**What you need to do**
Within the entries that follow, show each line where the word "fderiv" occurs.

**Records provided**

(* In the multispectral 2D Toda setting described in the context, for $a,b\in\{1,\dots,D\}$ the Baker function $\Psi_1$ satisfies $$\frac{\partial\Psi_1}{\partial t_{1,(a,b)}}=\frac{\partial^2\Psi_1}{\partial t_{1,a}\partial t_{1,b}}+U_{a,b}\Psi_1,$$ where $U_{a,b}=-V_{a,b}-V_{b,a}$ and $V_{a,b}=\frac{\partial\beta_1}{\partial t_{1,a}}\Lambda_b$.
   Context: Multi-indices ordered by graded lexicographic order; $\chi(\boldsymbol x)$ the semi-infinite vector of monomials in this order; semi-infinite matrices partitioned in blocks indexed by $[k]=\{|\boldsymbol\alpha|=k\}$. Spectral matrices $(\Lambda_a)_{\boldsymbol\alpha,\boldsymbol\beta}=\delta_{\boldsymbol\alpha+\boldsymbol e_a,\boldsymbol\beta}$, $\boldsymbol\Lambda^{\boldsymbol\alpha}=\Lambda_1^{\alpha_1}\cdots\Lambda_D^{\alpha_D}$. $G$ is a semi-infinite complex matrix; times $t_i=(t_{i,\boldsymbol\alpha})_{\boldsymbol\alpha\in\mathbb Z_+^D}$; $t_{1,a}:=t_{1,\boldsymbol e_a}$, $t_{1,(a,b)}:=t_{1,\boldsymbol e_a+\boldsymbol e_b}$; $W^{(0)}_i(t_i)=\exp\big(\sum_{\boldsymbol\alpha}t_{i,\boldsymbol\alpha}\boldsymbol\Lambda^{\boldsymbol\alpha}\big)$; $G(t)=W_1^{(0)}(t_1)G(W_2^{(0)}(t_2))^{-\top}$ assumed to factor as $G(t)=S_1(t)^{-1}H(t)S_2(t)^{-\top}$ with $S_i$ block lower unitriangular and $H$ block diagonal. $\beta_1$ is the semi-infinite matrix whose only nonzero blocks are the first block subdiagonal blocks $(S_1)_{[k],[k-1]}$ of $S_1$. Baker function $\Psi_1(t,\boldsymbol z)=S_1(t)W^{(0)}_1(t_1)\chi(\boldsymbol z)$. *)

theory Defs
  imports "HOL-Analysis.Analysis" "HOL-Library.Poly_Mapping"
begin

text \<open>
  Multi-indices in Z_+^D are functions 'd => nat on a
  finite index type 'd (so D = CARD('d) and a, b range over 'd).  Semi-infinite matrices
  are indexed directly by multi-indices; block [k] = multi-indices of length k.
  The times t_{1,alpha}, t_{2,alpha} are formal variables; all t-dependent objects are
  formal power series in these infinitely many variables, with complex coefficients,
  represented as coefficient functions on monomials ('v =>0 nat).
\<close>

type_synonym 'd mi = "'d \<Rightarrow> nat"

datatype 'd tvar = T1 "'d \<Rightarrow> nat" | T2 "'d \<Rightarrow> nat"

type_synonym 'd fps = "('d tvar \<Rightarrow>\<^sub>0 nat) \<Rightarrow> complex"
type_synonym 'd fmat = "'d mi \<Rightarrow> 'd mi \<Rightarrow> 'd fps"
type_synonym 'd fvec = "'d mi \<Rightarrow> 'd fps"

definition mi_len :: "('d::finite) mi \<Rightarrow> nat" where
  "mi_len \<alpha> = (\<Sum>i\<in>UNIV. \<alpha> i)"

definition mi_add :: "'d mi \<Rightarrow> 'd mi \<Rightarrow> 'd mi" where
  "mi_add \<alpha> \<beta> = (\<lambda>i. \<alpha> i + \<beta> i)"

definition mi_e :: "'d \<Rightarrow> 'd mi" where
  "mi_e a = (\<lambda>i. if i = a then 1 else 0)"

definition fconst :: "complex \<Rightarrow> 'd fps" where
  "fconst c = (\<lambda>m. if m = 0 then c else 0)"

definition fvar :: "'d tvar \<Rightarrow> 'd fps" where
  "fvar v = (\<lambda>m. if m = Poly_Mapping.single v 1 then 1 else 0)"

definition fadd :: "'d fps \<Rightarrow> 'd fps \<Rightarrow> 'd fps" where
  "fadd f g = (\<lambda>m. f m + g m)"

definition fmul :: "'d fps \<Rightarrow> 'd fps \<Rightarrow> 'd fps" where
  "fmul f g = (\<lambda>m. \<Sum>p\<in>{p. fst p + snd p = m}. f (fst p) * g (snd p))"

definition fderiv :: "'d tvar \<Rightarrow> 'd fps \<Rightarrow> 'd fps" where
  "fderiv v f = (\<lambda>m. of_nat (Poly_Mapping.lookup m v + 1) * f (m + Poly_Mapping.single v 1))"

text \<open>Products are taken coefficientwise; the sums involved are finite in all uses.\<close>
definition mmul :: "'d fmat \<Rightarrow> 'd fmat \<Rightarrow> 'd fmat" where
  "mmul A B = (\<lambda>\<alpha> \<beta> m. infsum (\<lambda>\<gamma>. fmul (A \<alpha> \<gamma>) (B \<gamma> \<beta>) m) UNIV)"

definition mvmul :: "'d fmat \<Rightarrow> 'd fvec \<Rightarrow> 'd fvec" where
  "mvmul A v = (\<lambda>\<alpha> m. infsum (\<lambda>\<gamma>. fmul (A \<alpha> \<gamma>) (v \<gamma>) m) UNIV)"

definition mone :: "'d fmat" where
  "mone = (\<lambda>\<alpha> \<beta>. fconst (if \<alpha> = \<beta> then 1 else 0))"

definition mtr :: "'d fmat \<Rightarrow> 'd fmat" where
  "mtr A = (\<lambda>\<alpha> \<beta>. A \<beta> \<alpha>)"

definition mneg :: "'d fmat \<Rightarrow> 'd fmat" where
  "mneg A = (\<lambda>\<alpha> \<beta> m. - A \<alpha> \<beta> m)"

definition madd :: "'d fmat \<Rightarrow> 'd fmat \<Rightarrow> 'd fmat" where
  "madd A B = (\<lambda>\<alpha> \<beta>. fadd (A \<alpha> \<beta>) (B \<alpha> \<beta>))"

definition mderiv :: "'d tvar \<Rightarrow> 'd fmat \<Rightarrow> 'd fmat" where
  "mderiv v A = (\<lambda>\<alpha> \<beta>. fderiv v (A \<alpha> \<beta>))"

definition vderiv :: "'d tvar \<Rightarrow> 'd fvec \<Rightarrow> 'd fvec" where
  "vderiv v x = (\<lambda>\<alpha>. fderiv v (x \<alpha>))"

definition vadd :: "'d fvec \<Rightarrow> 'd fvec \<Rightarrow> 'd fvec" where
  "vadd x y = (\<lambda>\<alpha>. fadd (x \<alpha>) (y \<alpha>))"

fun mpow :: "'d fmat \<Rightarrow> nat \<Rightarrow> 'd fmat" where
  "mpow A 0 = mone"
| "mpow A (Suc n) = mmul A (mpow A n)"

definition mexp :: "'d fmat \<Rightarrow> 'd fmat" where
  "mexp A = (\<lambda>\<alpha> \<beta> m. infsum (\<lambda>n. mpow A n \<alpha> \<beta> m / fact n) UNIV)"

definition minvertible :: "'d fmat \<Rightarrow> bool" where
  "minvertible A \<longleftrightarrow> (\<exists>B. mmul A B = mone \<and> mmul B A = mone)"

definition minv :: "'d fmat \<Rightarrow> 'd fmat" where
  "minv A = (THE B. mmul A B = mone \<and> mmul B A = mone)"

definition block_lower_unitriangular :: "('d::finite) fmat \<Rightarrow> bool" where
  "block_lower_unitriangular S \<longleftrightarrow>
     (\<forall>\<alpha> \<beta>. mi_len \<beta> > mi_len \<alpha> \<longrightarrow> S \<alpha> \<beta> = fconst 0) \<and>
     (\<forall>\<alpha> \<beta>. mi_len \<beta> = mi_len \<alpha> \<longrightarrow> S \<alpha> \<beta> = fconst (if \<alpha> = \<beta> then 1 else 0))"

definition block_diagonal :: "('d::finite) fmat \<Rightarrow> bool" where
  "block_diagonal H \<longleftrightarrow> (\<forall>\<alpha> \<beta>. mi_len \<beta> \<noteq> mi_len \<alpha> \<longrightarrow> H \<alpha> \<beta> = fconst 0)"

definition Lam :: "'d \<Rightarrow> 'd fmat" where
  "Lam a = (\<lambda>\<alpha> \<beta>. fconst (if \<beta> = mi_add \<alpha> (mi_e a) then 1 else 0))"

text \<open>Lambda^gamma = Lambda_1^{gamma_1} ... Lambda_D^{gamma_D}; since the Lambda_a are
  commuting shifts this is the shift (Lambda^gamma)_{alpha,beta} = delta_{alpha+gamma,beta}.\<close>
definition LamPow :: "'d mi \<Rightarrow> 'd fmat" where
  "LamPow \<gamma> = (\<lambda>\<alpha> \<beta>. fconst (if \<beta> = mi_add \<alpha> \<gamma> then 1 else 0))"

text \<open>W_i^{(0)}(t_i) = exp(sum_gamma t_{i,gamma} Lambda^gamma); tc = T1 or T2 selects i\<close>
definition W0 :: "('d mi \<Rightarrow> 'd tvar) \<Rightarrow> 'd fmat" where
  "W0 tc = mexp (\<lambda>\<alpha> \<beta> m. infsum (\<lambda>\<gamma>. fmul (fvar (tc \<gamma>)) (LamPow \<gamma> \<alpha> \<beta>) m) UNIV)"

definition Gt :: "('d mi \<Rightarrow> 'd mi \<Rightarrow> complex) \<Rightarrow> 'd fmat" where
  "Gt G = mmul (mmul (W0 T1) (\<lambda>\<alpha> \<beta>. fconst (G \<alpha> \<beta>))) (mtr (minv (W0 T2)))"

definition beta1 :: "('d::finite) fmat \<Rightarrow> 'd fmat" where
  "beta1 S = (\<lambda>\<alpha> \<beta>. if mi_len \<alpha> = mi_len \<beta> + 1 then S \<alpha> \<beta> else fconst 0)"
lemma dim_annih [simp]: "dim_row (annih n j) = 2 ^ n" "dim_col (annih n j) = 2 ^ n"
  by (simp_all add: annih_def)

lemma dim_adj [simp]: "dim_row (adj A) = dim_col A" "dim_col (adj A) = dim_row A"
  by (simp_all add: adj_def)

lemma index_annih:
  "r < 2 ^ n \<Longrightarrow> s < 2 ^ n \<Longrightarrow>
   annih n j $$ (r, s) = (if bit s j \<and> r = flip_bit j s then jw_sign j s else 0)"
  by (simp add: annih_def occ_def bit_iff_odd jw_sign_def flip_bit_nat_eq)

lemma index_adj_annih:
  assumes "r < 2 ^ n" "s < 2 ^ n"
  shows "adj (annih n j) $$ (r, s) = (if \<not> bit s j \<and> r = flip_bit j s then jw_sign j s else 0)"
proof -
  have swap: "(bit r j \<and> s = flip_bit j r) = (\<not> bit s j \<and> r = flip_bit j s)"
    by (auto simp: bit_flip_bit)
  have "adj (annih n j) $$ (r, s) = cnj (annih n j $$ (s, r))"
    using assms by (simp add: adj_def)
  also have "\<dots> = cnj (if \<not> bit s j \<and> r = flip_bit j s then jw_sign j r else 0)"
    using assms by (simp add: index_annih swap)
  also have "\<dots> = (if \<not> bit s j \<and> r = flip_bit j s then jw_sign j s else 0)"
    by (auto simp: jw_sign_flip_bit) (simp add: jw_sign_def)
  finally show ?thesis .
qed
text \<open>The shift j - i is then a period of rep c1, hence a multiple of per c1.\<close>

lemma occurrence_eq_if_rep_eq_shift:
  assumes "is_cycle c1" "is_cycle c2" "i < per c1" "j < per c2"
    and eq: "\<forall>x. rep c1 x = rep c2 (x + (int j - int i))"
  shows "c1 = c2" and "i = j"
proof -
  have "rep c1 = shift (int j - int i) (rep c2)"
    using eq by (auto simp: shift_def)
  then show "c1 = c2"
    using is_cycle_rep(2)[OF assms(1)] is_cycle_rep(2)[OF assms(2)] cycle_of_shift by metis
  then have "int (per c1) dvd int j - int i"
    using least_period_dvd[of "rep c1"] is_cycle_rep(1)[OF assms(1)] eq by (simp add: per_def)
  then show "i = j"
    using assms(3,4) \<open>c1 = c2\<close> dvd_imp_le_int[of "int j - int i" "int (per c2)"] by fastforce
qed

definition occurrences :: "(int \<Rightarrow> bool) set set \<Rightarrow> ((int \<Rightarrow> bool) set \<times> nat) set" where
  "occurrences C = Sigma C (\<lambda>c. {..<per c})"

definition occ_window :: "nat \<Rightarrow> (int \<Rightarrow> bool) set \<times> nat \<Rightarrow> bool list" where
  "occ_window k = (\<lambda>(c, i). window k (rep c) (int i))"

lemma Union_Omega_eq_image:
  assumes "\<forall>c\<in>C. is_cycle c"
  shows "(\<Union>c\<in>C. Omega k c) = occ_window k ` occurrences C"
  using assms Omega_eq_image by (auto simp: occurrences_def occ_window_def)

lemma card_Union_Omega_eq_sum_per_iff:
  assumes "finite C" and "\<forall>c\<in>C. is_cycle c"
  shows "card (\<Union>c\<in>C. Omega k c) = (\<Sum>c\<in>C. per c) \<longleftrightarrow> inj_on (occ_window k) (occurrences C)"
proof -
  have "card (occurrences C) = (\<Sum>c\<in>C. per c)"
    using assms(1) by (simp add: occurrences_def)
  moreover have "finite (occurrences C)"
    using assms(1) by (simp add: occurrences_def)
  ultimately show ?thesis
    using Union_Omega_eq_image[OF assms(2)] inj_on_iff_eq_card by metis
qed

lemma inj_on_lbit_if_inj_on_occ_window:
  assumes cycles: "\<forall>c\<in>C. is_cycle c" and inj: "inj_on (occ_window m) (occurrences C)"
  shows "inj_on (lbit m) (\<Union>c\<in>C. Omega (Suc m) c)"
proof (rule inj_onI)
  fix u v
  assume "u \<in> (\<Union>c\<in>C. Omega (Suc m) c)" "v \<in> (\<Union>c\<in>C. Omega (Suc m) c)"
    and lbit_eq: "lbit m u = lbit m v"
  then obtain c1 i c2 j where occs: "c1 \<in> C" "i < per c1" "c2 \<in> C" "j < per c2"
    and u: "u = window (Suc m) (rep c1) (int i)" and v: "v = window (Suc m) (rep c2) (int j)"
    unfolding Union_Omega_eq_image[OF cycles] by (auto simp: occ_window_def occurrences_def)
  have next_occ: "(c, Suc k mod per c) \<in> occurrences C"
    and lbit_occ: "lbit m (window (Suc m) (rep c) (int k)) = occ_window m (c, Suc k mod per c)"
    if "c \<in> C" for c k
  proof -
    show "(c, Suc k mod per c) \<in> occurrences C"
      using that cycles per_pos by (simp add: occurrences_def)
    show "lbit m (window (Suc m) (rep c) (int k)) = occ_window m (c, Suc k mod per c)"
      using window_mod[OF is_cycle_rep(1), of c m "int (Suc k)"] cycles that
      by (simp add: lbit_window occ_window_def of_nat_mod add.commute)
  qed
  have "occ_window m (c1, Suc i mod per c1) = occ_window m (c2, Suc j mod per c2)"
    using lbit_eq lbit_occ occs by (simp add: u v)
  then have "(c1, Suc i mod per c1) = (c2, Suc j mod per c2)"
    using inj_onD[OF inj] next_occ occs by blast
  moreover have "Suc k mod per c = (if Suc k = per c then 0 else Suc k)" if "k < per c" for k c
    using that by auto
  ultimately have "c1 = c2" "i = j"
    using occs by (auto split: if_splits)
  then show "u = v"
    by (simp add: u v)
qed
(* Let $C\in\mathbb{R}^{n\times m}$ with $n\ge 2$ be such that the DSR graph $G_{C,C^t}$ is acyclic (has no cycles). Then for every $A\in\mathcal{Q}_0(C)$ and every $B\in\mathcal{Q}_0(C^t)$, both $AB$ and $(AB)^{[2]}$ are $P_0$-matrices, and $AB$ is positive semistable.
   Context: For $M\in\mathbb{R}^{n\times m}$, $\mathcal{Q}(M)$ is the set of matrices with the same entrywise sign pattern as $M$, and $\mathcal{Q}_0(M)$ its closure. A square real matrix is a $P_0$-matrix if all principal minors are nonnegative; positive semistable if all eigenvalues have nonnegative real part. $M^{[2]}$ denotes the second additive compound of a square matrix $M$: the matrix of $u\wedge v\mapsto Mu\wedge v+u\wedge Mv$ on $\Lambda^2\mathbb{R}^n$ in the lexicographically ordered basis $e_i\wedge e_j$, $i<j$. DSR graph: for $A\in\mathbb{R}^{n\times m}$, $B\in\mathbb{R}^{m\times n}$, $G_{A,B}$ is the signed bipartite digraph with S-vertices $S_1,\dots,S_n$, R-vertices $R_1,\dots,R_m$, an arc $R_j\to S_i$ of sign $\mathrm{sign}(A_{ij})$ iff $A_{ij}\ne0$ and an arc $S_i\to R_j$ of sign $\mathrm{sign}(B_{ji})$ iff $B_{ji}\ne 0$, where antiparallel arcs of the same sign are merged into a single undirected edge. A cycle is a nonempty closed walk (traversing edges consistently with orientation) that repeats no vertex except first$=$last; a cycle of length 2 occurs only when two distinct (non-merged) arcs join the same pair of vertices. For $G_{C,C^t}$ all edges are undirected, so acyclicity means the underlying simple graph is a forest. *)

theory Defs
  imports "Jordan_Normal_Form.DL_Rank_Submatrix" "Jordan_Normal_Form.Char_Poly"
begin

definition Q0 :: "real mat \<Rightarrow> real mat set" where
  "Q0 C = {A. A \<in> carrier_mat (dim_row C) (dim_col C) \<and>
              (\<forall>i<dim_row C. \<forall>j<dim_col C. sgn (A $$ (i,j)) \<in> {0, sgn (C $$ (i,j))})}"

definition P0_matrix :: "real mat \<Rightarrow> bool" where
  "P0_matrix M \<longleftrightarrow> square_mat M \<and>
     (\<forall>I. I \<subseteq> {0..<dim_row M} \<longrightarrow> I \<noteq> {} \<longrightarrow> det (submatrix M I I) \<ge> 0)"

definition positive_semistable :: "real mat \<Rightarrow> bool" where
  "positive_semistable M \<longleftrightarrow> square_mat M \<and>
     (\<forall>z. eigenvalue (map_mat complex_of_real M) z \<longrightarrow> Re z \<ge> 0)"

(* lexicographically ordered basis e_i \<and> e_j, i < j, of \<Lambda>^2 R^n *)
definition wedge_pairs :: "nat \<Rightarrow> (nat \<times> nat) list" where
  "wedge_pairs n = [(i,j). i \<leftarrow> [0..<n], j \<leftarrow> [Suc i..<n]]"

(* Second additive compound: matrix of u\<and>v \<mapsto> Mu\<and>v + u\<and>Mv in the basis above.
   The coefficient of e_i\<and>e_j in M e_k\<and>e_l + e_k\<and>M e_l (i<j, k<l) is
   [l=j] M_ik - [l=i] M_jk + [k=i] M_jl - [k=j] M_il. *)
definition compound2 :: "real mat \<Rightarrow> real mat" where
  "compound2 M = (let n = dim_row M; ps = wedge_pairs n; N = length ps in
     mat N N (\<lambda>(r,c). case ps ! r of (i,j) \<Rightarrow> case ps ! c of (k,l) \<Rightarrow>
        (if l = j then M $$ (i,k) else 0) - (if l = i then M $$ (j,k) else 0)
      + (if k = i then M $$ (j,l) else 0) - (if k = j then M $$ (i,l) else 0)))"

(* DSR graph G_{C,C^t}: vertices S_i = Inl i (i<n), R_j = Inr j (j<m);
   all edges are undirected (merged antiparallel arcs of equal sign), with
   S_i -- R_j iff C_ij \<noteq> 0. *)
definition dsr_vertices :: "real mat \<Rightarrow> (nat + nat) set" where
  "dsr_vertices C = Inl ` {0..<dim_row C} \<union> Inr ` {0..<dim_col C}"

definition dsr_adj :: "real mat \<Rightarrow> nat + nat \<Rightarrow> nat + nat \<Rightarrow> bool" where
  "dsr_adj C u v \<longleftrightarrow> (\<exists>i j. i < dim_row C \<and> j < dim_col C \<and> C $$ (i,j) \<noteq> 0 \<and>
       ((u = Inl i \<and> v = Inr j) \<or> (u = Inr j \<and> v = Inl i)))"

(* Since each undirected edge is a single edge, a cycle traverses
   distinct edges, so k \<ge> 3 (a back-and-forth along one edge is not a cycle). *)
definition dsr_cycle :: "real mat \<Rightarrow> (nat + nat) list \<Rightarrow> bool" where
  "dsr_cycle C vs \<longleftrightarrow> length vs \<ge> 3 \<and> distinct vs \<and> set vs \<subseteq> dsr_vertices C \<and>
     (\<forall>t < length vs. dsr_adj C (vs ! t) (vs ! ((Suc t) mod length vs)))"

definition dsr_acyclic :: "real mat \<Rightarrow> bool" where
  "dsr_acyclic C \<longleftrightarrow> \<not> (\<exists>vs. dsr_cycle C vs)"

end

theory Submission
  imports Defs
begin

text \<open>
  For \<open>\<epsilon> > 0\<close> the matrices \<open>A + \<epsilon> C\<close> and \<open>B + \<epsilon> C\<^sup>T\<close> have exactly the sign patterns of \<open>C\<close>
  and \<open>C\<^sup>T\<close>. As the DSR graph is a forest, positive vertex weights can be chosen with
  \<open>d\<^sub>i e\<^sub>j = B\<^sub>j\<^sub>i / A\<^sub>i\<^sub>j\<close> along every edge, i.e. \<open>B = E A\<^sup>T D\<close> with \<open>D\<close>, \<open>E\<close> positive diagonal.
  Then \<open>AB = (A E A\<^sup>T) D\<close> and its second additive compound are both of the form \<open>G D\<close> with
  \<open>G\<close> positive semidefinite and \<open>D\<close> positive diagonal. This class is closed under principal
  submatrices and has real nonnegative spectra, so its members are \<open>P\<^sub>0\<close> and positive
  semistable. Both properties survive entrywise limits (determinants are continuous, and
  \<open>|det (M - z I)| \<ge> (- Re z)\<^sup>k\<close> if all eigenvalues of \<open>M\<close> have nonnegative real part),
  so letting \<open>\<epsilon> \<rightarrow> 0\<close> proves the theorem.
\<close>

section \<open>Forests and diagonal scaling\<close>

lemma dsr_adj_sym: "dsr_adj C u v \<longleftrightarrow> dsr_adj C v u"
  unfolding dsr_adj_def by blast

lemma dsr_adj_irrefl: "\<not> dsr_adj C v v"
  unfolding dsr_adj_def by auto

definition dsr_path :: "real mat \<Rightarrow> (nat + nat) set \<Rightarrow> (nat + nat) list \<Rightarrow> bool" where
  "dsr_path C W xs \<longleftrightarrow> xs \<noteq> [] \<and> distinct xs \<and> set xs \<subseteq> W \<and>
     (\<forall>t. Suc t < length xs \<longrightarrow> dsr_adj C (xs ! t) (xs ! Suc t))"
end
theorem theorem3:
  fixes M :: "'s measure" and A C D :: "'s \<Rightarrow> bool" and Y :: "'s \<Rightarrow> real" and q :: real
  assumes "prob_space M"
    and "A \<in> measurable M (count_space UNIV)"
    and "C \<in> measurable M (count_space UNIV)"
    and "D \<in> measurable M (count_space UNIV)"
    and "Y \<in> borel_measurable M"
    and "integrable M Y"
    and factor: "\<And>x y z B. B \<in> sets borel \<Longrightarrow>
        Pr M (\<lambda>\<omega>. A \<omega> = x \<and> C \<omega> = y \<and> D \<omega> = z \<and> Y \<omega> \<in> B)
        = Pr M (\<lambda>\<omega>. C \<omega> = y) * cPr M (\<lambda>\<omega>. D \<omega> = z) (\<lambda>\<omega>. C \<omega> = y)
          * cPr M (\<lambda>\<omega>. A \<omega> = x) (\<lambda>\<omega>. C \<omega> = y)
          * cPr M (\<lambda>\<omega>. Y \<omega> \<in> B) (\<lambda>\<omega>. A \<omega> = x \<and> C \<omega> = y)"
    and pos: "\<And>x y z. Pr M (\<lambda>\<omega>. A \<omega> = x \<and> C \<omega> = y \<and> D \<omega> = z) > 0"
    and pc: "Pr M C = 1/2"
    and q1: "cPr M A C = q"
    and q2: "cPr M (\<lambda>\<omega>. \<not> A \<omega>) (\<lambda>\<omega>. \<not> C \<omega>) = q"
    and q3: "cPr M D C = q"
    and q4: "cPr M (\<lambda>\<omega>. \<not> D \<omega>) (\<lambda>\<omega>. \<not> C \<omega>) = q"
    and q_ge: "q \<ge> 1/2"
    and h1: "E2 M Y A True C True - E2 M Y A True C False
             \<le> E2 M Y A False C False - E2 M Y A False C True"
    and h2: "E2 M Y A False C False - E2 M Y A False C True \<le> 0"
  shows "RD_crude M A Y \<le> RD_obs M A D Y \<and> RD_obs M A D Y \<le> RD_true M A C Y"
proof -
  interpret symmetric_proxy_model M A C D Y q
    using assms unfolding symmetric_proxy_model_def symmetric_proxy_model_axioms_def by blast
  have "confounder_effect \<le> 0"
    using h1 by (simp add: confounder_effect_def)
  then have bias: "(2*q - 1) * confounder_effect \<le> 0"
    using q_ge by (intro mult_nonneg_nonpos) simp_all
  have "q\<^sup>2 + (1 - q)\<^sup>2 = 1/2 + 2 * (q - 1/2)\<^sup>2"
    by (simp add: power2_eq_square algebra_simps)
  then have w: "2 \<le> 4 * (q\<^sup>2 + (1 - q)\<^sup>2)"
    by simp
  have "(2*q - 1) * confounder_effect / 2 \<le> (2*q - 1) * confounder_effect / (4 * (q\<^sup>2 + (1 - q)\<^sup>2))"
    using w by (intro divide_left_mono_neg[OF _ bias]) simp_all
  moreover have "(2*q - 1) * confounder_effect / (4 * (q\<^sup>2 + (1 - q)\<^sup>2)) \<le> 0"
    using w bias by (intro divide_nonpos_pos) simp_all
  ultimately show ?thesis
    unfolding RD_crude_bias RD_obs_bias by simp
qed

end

**Result below**
definition fderiv :: "'d tvar \<Rightarrow> 'd fps \<Rightarrow> 'd fps" where
  "fderiv v f = (\<lambda>m. of_nat (Poly_Mapping.lookup m v + 1) * f (m + Poly_Mapping.single v 1))"
  "mderiv v A = (\<lambda>\<alpha> \<beta>. fderiv v (A \<alpha> \<beta>))"
  "vderiv v x = (\<lambda>\<alpha>. fderiv v (x \<alpha>))"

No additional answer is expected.